### BRIEF
The records that follow must be repeated exactly, line by line.

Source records
lemma F4_len_gen_comp_cases:
  assumes w: "w \<in> F4_W" and s: "s \<in> {1..4}"
  shows "F4_len (F4_gen s \<circ> w) = F4_len w + 1 \<or> F4_len (F4_gen s \<circ> w) + 1 = F4_len w"
  using F4_W_root_pos_or_neg[OF inv_in_F4_W[OF w] s]
    F4_len_gen_comp_neg[OF w s] F4_len_gen_comp_pos[OF w s] by blast

text \<open>Since \<open>w\<close> preserves lengths of roots, \<open>w \<alpha>\<^sub>t\<close> cannot be \<open>\<alpha>\<^sub>s\<close>, so it stays positive under \<open>s\<^sub>s\<close>.\<close>
lemma F4_len_gen_comp_comp_gen:
  assumes w: "w \<in> F4_W" and s: "s \<in> {1..4}" and t: "t \<in> {1..4}"
    and norm: "F4_root t \<bullet> F4_root t \<noteq> F4_root s \<bullet> F4_root s"
    and left: "F4_len (F4_gen s \<circ> w) = F4_len w + 1"
    and right: "F4_len (w \<circ> F4_gen t) = F4_len w + 1"
  shows "F4_len (F4_gen s \<circ> w \<circ> F4_gen t) = F4_len w + 2"
proof -
  have pos: "w (F4_root t) \<in> F4_pos"
    using F4_W_root_pos_or_neg[OF w t] F4_len_comp_gen_neg[OF w t] right by fastforce
  have "w (F4_root t) \<noteq> F4_root s"
    using F4_W_inner[OF w, of "F4_root t" "F4_root t"] norm by auto
  then have "(F4_gen s \<circ> w) (F4_root t) \<in> F4_pos" using F4_gen_pos_root[OF s pos] by simp
  from F4_len_comp_gen_pos[OF gen_comp_in_F4_W[OF w s] t this] show ?thesis
    unfolding left by linarith
qed

text \<open>Positive roots are nonnegative combinations of the simple roots.\<close>
lemma F4_W_pos_to_neg:
  assumes v: "v \<in> F4_W" and simple: "\<forall>s\<in>{1..4}. v (F4_root s) \<in> F4_neg" and \<alpha>: "\<alpha> \<in> F4_pos"
  shows "v \<alpha> \<in> F4_neg"
proof -
  let ?y1 = "- v (F4_root 1)" and ?y2 = "- v (F4_root 2)" and ?y3 = "- v (F4_root 3)"
    and ?y4 = "- v (F4_root 4)"
  have y: "?y1 \<in> F4_pos" "?y2 \<in> F4_pos" "?y3 \<in> F4_pos" "?y4 \<in> F4_pos"
    using simple F4_neg_iff by auto
  have "v \<alpha> = simple_coord1 \<alpha> *\<^sub>R v (F4_root 1) + simple_coord2 \<alpha> *\<^sub>R v (F4_root 2)
      + simple_coord3 \<alpha> *\<^sub>R v (F4_root 3) + simple_coord4 \<alpha> *\<^sub>R v (F4_root 4)"
    by (subst simple_coord_expansion[of \<alpha>])
      (simp add: linear_add[OF linear_F4_W[OF v]] linear_scale[OF linear_F4_W[OF v]])
  then have "- v \<alpha> = simple_coord1 \<alpha> *\<^sub>R ?y1 + simple_coord2 \<alpha> *\<^sub>R ?y2
      + simple_coord3 \<alpha> *\<^sub>R ?y3 + simple_coord4 \<alpha> *\<^sub>R ?y4"
    by (simp add: algebra_simps)
  then have nonneg: "simple_coord1 (- v \<alpha>) \<ge> 0" "simple_coord2 (- v \<alpha>) \<ge> 0"
    "simple_coord3 (- v \<alpha>) \<ge> 0" "simple_coord4 (- v \<alpha>) \<ge> 0"
    using F4_pos_simple_coord_nonneg[OF \<alpha>] F4_pos_simple_coord_nonneg[OF y(1)]
      F4_pos_simple_coord_nonneg[OF y(2)] F4_pos_simple_coord_nonneg[OF y(3)]
      F4_pos_simple_coord_nonneg[OF y(4)]
    by (simp_all only: simple_coord_linear) (simp_all add: add_nonneg_nonneg)
  then have "v \<alpha> \<notin> F4_pos"
  proof (intro notI)
    assume pos: "v \<alpha> \<in> F4_pos"
    with nonneg have "simple_coord1 (v \<alpha>) = 0" "simple_coord2 (v \<alpha>) = 0"
      "simple_coord3 (v \<alpha>) = 0" "simple_coord4 (v \<alpha>) = 0"
      using F4_pos_simple_coord_nonneg[OF pos] by (auto simp: simple_coord_uminus)
    then have "v \<alpha> = 0" using simple_coord_expansion[of "v \<alpha>"] by simp
    with pos zero_notin_F4_pos show False by simp
  qed
  moreover have "v \<alpha> \<in> F4_roots"
    using v \<alpha> F4_word_in_roots unfolding in_F4_W_iff F4_roots_def by blast
  ultimately show ?thesis unfolding F4_roots_def by blast
qed

lemma F4_len_le_if_left_descents:
  assumes w: "w \<in> F4_W" and descents: "\<forall>s\<in>{1..4}. F4_len (F4_gen s \<circ> w) < F4_len w"
    and u: "u \<in> F4_W"
  shows "F4_len u \<le> F4_len w"
proof -
  have "\<forall>s\<in>{1..4}. inv w (F4_root s) \<in> F4_neg"
    using F4_W_root_pos_or_neg[OF inv_in_F4_W[OF w]] F4_len_gen_comp_pos[OF w] descents by fastforce
  then have "inversions (inv w) = F4_pos"
    using F4_W_pos_to_neg[OF inv_in_F4_W[OF w]] unfolding inversions_def by auto
  then show ?thesis
    using F4_len_le_card_pos[OF u] F4_len_eq_card_inversions[OF inv_in_F4_W[OF w]] F4_len_inv[OF w]
    by simp
qed

section \<open>Buildings of type F4 as W-metric spaces\<close>

fun typed_gallery :: "'c set \<Rightarrow> ('c \<Rightarrow> 'c \<Rightarrow> (real^4 \<Rightarrow> real^4)) \<Rightarrow> 'c \<Rightarrow> nat list \<Rightarrow> 'c \<Rightarrow> bool" where
  "typed_gallery Ch \<delta> C [] D \<longleftrightarrow> C = D \<and> C \<in> Ch"
| "typed_gallery Ch \<delta> C (s # ws) D \<longleftrightarrow>
     C \<in> Ch \<and> (\<exists>C'\<in>Ch. \<delta> C C' = F4_gen s \<and> typed_gallery Ch \<delta> C' ws D)"

lemma typed_gallery_in: "typed_gallery Ch \<delta> C ws D \<Longrightarrow> C \<in> Ch \<and> D \<in> Ch"
  by (induction ws arbitrary: C) auto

### ANSWER TO THE PROBLEM
lemma F4_len_gen_comp_cases:
  assumes w: "w \<in> F4_W" and s: "s \<in> {1..4}"
  shows "F4_len (F4_gen s \<circ> w) = F4_len w + 1 \<or> F4_len (F4_gen s \<circ> w) + 1 = F4_len w"
  using F4_W_root_pos_or_neg[OF inv_in_F4_W[OF w] s]
    F4_len_gen_comp_neg[OF w s] F4_len_gen_comp_pos[OF w s] by blast

text \<open>Since \<open>w\<close> preserves lengths of roots, \<open>w \<alpha>\<^sub>t\<close> cannot be \<open>\<alpha>\<^sub>s\<close>, so it stays positive under \<open>s\<^sub>s\<close>.\<close>
lemma F4_len_gen_comp_comp_gen:
  assumes w: "w \<in> F4_W" and s: "s \<in> {1..4}" and t: "t \<in> {1..4}"
    and norm: "F4_root t \<bullet> F4_root t \<noteq> F4_root s \<bullet> F4_root s"
    and left: "F4_len (F4_gen s \<circ> w) = F4_len w + 1"
    and right: "F4_len (w \<circ> F4_gen t) = F4_len w + 1"
  shows "F4_len (F4_gen s \<circ> w \<circ> F4_gen t) = F4_len w + 2"
proof -
  have pos: "w (F4_root t) \<in> F4_pos"
    using F4_W_root_pos_or_neg[OF w t] F4_len_comp_gen_neg[OF w t] right by fastforce
  have "w (F4_root t) \<noteq> F4_root s"
    using F4_W_inner[OF w, of "F4_root t" "F4_root t"] norm by auto
  then have "(F4_gen s \<circ> w) (F4_root t) \<in> F4_pos" using F4_gen_pos_root[OF s pos] by simp
  from F4_len_comp_gen_pos[OF gen_comp_in_F4_W[OF w s] t this] show ?thesis
    unfolding left by linarith
qed

text \<open>Positive roots are nonnegative combinations of the simple roots.\<close>
lemma F4_W_pos_to_neg:
  assumes v: "v \<in> F4_W" and simple: "\<forall>s\<in>{1..4}. v (F4_root s) \<in> F4_neg" and \<alpha>: "\<alpha> \<in> F4_pos"
  shows "v \<alpha> \<in> F4_neg"
proof -
  let ?y1 = "- v (F4_root 1)" and ?y2 = "- v (F4_root 2)" and ?y3 = "- v (F4_root 3)"
    and ?y4 = "- v (F4_root 4)"
  have y: "?y1 \<in> F4_pos" "?y2 \<in> F4_pos" "?y3 \<in> F4_pos" "?y4 \<in> F4_pos"
    using simple F4_neg_iff by auto
  have "v \<alpha> = simple_coord1 \<alpha> *\<^sub>R v (F4_root 1) + simple_coord2 \<alpha> *\<^sub>R v (F4_root 2)
      + simple_coord3 \<alpha> *\<^sub>R v (F4_root 3) + simple_coord4 \<alpha> *\<^sub>R v (F4_root 4)"
    by (subst simple_coord_expansion[of \<alpha>])
      (simp add: linear_add[OF linear_F4_W[OF v]] linear_scale[OF linear_F4_W[OF v]])
  then have "- v \<alpha> = simple_coord1 \<alpha> *\<^sub>R ?y1 + simple_coord2 \<alpha> *\<^sub>R ?y2
      + simple_coord3 \<alpha> *\<^sub>R ?y3 + simple_coord4 \<alpha> *\<^sub>R ?y4"
    by (simp add: algebra_simps)
  then have nonneg: "simple_coord1 (- v \<alpha>) \<ge> 0" "simple_coord2 (- v \<alpha>) \<ge> 0"
    "simple_coord3 (- v \<alpha>) \<ge> 0" "simple_coord4 (- v \<alpha>) \<ge> 0"
    using F4_pos_simple_coord_nonneg[OF \<alpha>] F4_pos_simple_coord_nonneg[OF y(1)]
      F4_pos_simple_coord_nonneg[OF y(2)] F4_pos_simple_coord_nonneg[OF y(3)]
      F4_pos_simple_coord_nonneg[OF y(4)]
    by (simp_all only: simple_coord_linear) (simp_all add: add_nonneg_nonneg)
  then have "v \<alpha> \<notin> F4_pos"
  proof (intro notI)
    assume pos: "v \<alpha> \<in> F4_pos"
    with nonneg have "simple_coord1 (v \<alpha>) = 0" "simple_coord2 (v \<alpha>) = 0"
      "simple_coord3 (v \<alpha>) = 0" "simple_coord4 (v \<alpha>) = 0"
      using F4_pos_simple_coord_nonneg[OF pos] by (auto simp: simple_coord_uminus)
    then have "v \<alpha> = 0" using simple_coord_expansion[of "v \<alpha>"] by simp
    with pos zero_notin_F4_pos show False by simp
  qed
  moreover have "v \<alpha> \<in> F4_roots"
    using v \<alpha> F4_word_in_roots unfolding in_F4_W_iff F4_roots_def by blast
  ultimately show ?thesis unfolding F4_roots_def by blast
qed

lemma F4_len_le_if_left_descents:
  assumes w: "w \<in> F4_W" and descents: "\<forall>s\<in>{1..4}. F4_len (F4_gen s \<circ> w) < F4_len w"
    and u: "u \<in> F4_W"
  shows "F4_len u \<le> F4_len w"
proof -
  have "\<forall>s\<in>{1..4}. inv w (F4_root s) \<in> F4_neg"
    using F4_W_root_pos_or_neg[OF inv_in_F4_W[OF w]] F4_len_gen_comp_pos[OF w] descents by fastforce
  then have "inversions (inv w) = F4_pos"
    using F4_W_pos_to_neg[OF inv_in_F4_W[OF w]] unfolding inversions_def by auto
  then show ?thesis
    using F4_len_le_card_pos[OF u] F4_len_eq_card_inversions[OF inv_in_F4_W[OF w]] F4_len_inv[OF w]
    by simp
qed

section \<open>Buildings of type F4 as W-metric spaces\<close>

fun typed_gallery :: "'c set \<Rightarrow> ('c \<Rightarrow> 'c \<Rightarrow> (real^4 \<Rightarrow> real^4)) \<Rightarrow> 'c \<Rightarrow> nat list \<Rightarrow> 'c \<Rightarrow> bool" where
  "typed_gallery Ch \<delta> C [] D \<longleftrightarrow> C = D \<and> C \<in> Ch"
| "typed_gallery Ch \<delta> C (s # ws) D \<longleftrightarrow>
     C \<in> Ch \<and> (\<exists>C'\<in>Ch. \<delta> C C' = F4_gen s \<and> typed_gallery Ch \<delta> C' ws D)"

lemma typed_gallery_in: "typed_gallery Ch \<delta> C ws D \<Longrightarrow> C \<in> Ch \<and> D \<in> Ch"
  by (induction ws arbitrary: C) auto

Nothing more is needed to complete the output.